Some lines below hold "symmetric". Pick them out and copy them.

(Stored data entries)
● ● ● ● ● ● ●
lemma sum_fourth_moment_norm_sq:
  "(\<Sum>a<d. \<Sum>b<d. \<Sum>c<d. \<Sum>e<d. fourth_moment u I a b c e * cnj (fourth_moment u I a b c e)) =
     of_real (frame_potential d u I)"
proof -
  let ?t = "\<lambda>i j a b c e. (cnj (u i a) * u j a) * cnj (cnj (u i b) * u j b) *
      (cnj (u i c) * u j c) * cnj (cnj (u i e) * u j e)"
  have fourth_power: "z * cnj z * z * cnj z = of_real (cmod z ^ 4)" for z :: complex
  proof -
    have "z * cnj z * z * cnj z = (z * cnj z)^2" by (simp add: power2_eq_square mult_ac)
    also have "\<dots> = of_real ((cmod z ^ 2) ^ 2)" by (simp flip: complex_norm_square)
    finally show ?thesis by (simp flip: power_mult)
  qed
  have "fourth_moment u I a b c e * cnj (fourth_moment u I a b c e) = (\<Sum>i\<in>I. \<Sum>j\<in>I. ?t i j a b c e)" for a b c e
    unfolding fourth_moment_def sum_product cnj_sum
    by (intro sum.cong refl) (simp add: mult_ac)
  then have "(\<Sum>a<d. \<Sum>b<d. \<Sum>c<d. \<Sum>e<d. fourth_moment u I a b c e * cnj (fourth_moment u I a b c e)) =
      (\<Sum>a<d. \<Sum>b<d. \<Sum>c<d. \<Sum>e<d. \<Sum>i\<in>I. \<Sum>j\<in>I. ?t i j a b c e)"
    by simp
  also have "\<dots> = (\<Sum>i\<in>I. \<Sum>a<d. \<Sum>b<d. \<Sum>c<d. \<Sum>e<d. \<Sum>j\<in>I. ?t i j a b c e)"
    by (rule sum_swap_outer4)
  also have "\<dots> = (\<Sum>i\<in>I. \<Sum>j\<in>I. \<Sum>a<d. \<Sum>b<d. \<Sum>c<d. \<Sum>e<d. ?t i j a b c e)"
    by (rule sum.cong[OF refl], rule sum_swap_outer4)
  also have "\<dots> = (\<Sum>i\<in>I. \<Sum>j\<in>I. inner_coords d (u i) (u j) * cnj (inner_coords d (u i) (u j)) *
      inner_coords d (u i) (u j) * cnj (inner_coords d (u i) (u j)))"
    unfolding inner_coords_def cnj_sum
    by (simp only: sum_distrib_left[symmetric] sum_distrib_right[symmetric])
  finally show ?thesis
    by (simp add: fourth_power frame_potential_def)
qed

lemma sum_fourth_moment_mult_id_plus_swap:
  assumes unit: "\<And>i. i \<in> I \<Longrightarrow> inner_coords d (u i) (u i) = 1"
  shows "(\<Sum>a<d. \<Sum>b<d. \<Sum>c<d. \<Sum>e<d. fourth_moment u I a b c e * id_plus_swap a b c e) = 2 * of_nat (card I)"
proof -
  have "(\<Sum>a<d. \<Sum>b<d. \<Sum>c<d. \<Sum>e<d. fourth_moment u I a b c e * id_plus_swap a b c e) =
      (\<Sum>i\<in>I. \<Sum>a<d. \<Sum>b<d. \<Sum>c<d. \<Sum>e<d.
         cnj (u i a) * u i b * cnj (u i c) * u i e * id_plus_swap a b c e)"
    unfolding fourth_moment_def sum_distrib_right by (rule sum_swap_outer4)
  also have "\<dots> = (\<Sum>i\<in>I. 2)"
  proof (rule sum.cong[OF refl])
    fix i assume "i \<in> I"
    then have unit_i: "(\<Sum>a<d. cnj (u i a) * u i a) = 1"
      using unit by (simp add: inner_coords_def)
    have "(\<Sum>a<d. \<Sum>c<d. cnj (u i a) * u i a * cnj (u i c) * u i c) =
        (\<Sum>a<d. cnj (u i a) * u i a) * (\<Sum>c<d. cnj (u i c) * u i c)"
      by (simp add: sum_product mult.assoc)
    moreover have "(\<Sum>a<d. \<Sum>b<d. cnj (u i a) * u i b * cnj (u i b) * u i a) =
        (\<Sum>a<d. cnj (u i a) * u i a) * (\<Sum>b<d. cnj (u i b) * u i b)"
      by (simp add: sum_product mult_ac)
    ultimately show "(\<Sum>a<d. \<Sum>b<d. \<Sum>c<d. \<Sum>e<d.
        cnj (u i a) * u i b * cnj (u i c) * u i e * id_plus_swap a b c e) = 2"
      unfolding sum_mult_id_plus_swap unit_i by simp
  qed
  finally show ?thesis by simp
qed

lemma norm_sq_diff_real:
  fixes z t :: complex
  assumes "cnj t = t"
  shows "of_real ((cmod (z - t))\<^sup>2) = z * cnj z - z * t - t * cnj z + t * t"
proof -
  have "of_real ((cmod (z - t))\<^sup>2) = (z - t) * cnj (z - t)"
    by (rule complex_norm_square)
  also have "\<dots> = (z - t) * (cnj z - t)"
    using assms by simp
  finally show ?thesis
    by (simp add: algebra_simps)
qed

lemma projective_2design_if_frame_potential:
  assumes unit: "\<And>i. i \<in> I \<Longrightarrow> inner_coords d (u i) (u i) = 1"
    and potential: "frame_potential d u I = 2 * card I"
    and card: "card I = d * (d + 1)"
  shows "projective_2design d u I"
proof -
  let ?G = "fourth_moment u I" and ?T = id_plus_swap
  have real_T: "cnj (?T a b c e) = ?T a b c e" for a b c e
    unfolding id_plus_swap_def
    by (simp only: complex_cnj_add if_distrib[of cnj] complex_cnj_one complex_cnj_zero)
  have "(\<Sum>a<d. \<Sum>b<d. \<Sum>c<d. \<Sum>e<d. of_real ((cmod (?G a b c e - ?T a b c e))\<^sup>2)) =
      (\<Sum>a<d. \<Sum>b<d. \<Sum>c<d. \<Sum>e<d. ?G a b c e * cnj (?G a b c e) - ?G a b c e * ?T a b c e -
         ?T a b c e * cnj (?G a b c e) + ?T a b c e * ?T a b c e)"
    by (simp only: norm_sq_diff_real[OF real_T])
  also have "\<dots> =
      (\<Sum>a<d. \<Sum>b<d. \<Sum>c<d. \<Sum>e<d. ?G a b c e * cnj (?G a b c e)) -
      (\<Sum>a<d. \<Sum>b<d. \<Sum>c<d. \<Sum>e<d. ?G a b c e * ?T a b c e) -
      cnj (\<Sum>a<d. \<Sum>b<d. \<Sum>c<d. \<Sum>e<d. ?G a b c e * ?T a b c e) +
      (\<Sum>a<d. \<Sum>b<d. \<Sum>c<d. \<Sum>e<d. ?T a b c e * ?T a b c e)"
    by (simp only: sum.distrib sum_subtractf cnj_sum complex_cnj_mult real_T mult.commute)
  (* = frame potential - 2 card I - 2 card I + 2 d (d + 1) *)
  also have "\<dots> = 0"
    using potential card
    by (simp add: sum_fourth_moment_norm_sq sum_fourth_moment_mult_id_plus_swap[OF unit] sum_id_plus_swap_sq)
  finally have "(\<Sum>a<d. \<Sum>b<d. \<Sum>c<d. \<Sum>e<d. (cmod (?G a b c e - ?T a b c e))\<^sup>2) = 0"
    by (simp only: of_real_sum[symmetric] of_real_eq_0_iff)
  then show ?thesis
    unfolding projective_2design_def by (simp add: sum_nonneg_eq_0_iff sum_nonneg)
qed

lemma sum_quad_form_sq_eq_fourth_moment:
  "(\<Sum>i\<in>I. (quad_form d (u i) A)\<^sup>2) =
   (\<Sum>a<d. \<Sum>b<d. \<Sum>c<d. \<Sum>e<d. A a b * A c e * fourth_moment u I a b c e)"
proof -
  have "(quad_form d (u i) A)\<^sup>2 = (\<Sum>a<d. \<Sum>b<d. \<Sum>c<d. \<Sum>e<d.
      A a b * A c e * (cnj (u i a) * u i b * cnj (u i c) * u i e))" for i
  proof -
    have "(quad_form d (u i) A)\<^sup>2 = (\<Sum>a<d. \<Sum>b<d. \<Sum>c<d. \<Sum>e<d.
        (cnj (u i a) * A a b * u i b) * (cnj (u i c) * A c e * u i e))"
      unfolding quad_form_def power2_eq_square
      by (simp only: sum_distrib_left[symmetric] sum_distrib_right[symmetric])
    then show ?thesis by (simp add: mult_ac)
  qed
  then have "(\<Sum>i\<in>I. (quad_form d (u i) A)\<^sup>2) = (\<Sum>i\<in>I. \<Sum>a<d. \<Sum>b<d. \<Sum>c<d. \<Sum>e<d.
      A a b * A c e * (cnj (u i a) * u i b * cnj (u i c) * u i e))"
    by simp
  also have "\<dots> = (\<Sum>a<d. \<Sum>b<d. \<Sum>c<d. \<Sum>e<d. \<Sum>i\<in>I.
      A a b * A c e * (cnj (u i a) * u i b * cnj (u i c) * u i e))"
    by (rule sum_swap_outer4[symmetric])
  also have "\<dots> = (\<Sum>a<d. \<Sum>b<d. \<Sum>c<d. \<Sum>e<d. A a b * A c e * fourth_moment u I a b c e)"
    by (simp add: fourth_moment_def sum_distrib_left)
  finally show ?thesis .
qed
● ● ● ● ● ● ●
## Exercise response
    by (simp only: sum_distrib_left[symmetric] sum_distrib_right[symmetric])
    by (simp only: of_real_sum[symmetric] of_real_eq_0_iff)
      by (simp only: sum_distrib_left[symmetric] sum_distrib_right[symmetric])
    by (rule sum_swap_outer4[symmetric])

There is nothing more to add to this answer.